Langkah Alan membawanya menuju dapur. Tenggorokannya terasa kering, maka ia menuang segelas air putih. Lantas bersiap meneguknya sebelum suara teriakan terdengar. Teriakan itu berasal dari kamar Iselin. Maka, tanpa diulang yang kedua kali, Alan melesat menuju kamar adiknya. Meletakkan gelas di sembarang tempat. Tak peduli meski gelas itu jatuh lantas pecah berkeping-keping.

 

Alan mendobrak pintu kamar Iselin sekuat mungkin. Pintu itu terkunci. Dasar Iselin, setiap bertengkar selalu saja seperti ini. Menyusahkan orang saja.

 

"Iselin! Kau mendengarku?" teriak Alan tanpa menghentikan aksinya mendobrak pintu.

 

Tak ada jawaban dan tak ada lagi teriakan. Bulu kuduk Alan meremang. Pemikirannya kalut. Hal-hal buruk hilir mudik melintas di dalam kepalanya. Apa yang terjadi pada Iselin di dalam sana? Oh, Tuhan ... semoga tidak ada hal-hal buruk yang terjadi. Alan berulangkali mencoba. Seluruh kekuatannya ia kerahkan. Namun, sama sekali tak berhasil membobol pintu kayu tersebut. Seakan ada kekutan lain yang menahannya.

 

Pemikiran tersebut membuat Alan semakin khawatir. Mengingat, Iselin tidak memiliki kekuatan seperti yang Alan miliki. Pemikiran buruk itu mendorong Alan untuk lebih kuat membobol pintu kamar. Alan tersengal usai pintu itu berhasil terbuka.

 

Ia terbelalak marah. Jemarinya mengepal kuat. "Siapa kau?!" tanya Alan dengan nada dinginnya. Giginya bergemeletuk menahan diri untuk tidak menyerang.

 

Di hadapannya, berdiri seorang lelaki berpakaian serba hitam dengan tudung senada. Lelaki itu membopong tubuh Iselin yang tak sadarkan diri. Ia tersenyum licik, tidak mengindahkan pertanyaan Alan. Berbalik pergi masuk ke dalam lubang hitam yang berputar.

 

Maka segera Alan menyambar ponselnya.
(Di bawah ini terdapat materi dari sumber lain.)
lemma AE_fst_Uset: "AE x in W. fst x \<in> Uset n uL uU"
proof -
  have "emeasure W (fst -` Uset n uL uU \<inter> space W) = emeasure Q (Uset n uL uU)"
    using coupling emeasure_distr[OF measurable_fst_W Uset_sets] unfolding coupling_def by simp
  then have "W.prob (fst -` Uset n uL uU \<inter> space W) = 1" using Q_Uset by (simp add: W.emeasure_eq_measure)
  then have "AE x in W. x \<in> fst -` Uset n uL uU \<inter> space W" by (rule W.AE_prob_1)
  then show ?thesis by eventually_elim auto
qed

lemma AE_snd_sample: "AE x in W. \<exists>j\<in>{1..N}. snd x = sample j"
proof -
  have "sample ` {1..N} = (\<Union>j\<in>{1..N}. {sample j})" by blast
  also have "\<dots> \<in> sets (Mn n)" using singleton_sets_Mn[OF sample_in_space] by (intro sets.finite_UN) auto
  finally have V: "sample ` {1..N} \<in> sets (Mn n)" .
  have "emeasure W (snd -` (sample ` {1..N}) \<inter> space W) = 1"
    unfolding emeasure_snd_W[OF V] using N_pos
    by (intro measure_pmf.emeasure_eq_1_AE) (auto simp: AE_measure_pmf_iff)
  then have "AE x in W. x \<in> snd -` (sample ` {1..N}) \<inter> space W"
    by (intro W.AE_prob_1) (simp add: W.emeasure_eq_measure)
  then show ?thesis by eventually_elim auto
qed

lemma sample_set_sets: "sample_set j \<in> sets W"
proof -
  have "snd -` {sample j} \<inter> space W \<in> sets W"
    using measurable_sets[OF measurable_snd_W singleton_sets_Mn[OF sample_in_space]] .
  moreover have "snd -` {sample j} \<inter> space W = sample_set j" by (auto simp: sample_set_def)
  ultimately show ?thesis by simp
qed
Ia teringat akan sesuatu. Mengetikkan pesan singkat. Lantas menyusul masuk ke dalam lingkaran hitam.

 

"Salah satu dari mereka telah datang. Semua sesuai dengan rencana. Aku akan menyusulnya untuk menyelamatkan Iselin. Dan, membawa pulang obat penawar tersebut. Tunggu aku di laboratorium."

 

***

 

"Huh ... huh ... huh." Iselin terengah berusaha mengatur napas. Ia menatap sekeliling. Tempat apa ini? Apakah makhluk yang diceritakan Alan yang membawanya kemari? Entah mengapa, ketakutan menjalar memenuhi rongga dada Iselin. Ia berniat untuk bangkit dari posisi meringkuknya. Memposiskan diri menjadi duduk. Namun, sesuatu menghalangi pergerakannya. Tangan dan kakinya sempurna terikat. Kencang sekali. Ia berusaha melepaskan ikatan. Namun, semakin ia berusaha, tali itu kian kuat mengikat. Justru menimbulkan luka pada pergelangan tangannya.

 

Ia menunduk, melupakan ikatan pada tangan. Mati-matian menahan air mata supaya tidak tumpah. Ia tidak yakin apakah rencana Alan kali ini akan berhasil. "Kakak ... aku ... aku takut." Iselin terisak, tak sanggup menahan luapan air mata.

 

"Lebih baik diapakan gadis ini, Tuan?" samar terdengar suara seseorang bertanya.

 

Iselin segera menghentikan tangisnya. Berusaha menguping pembicaraan.

 

"Tunggu hingga Alan tiba. Setelah itu terserah mau kau apakan dia. Mau kau jadikan makanan singa pun aku tak masalah," ucap lelaki yang dipanggil tuan.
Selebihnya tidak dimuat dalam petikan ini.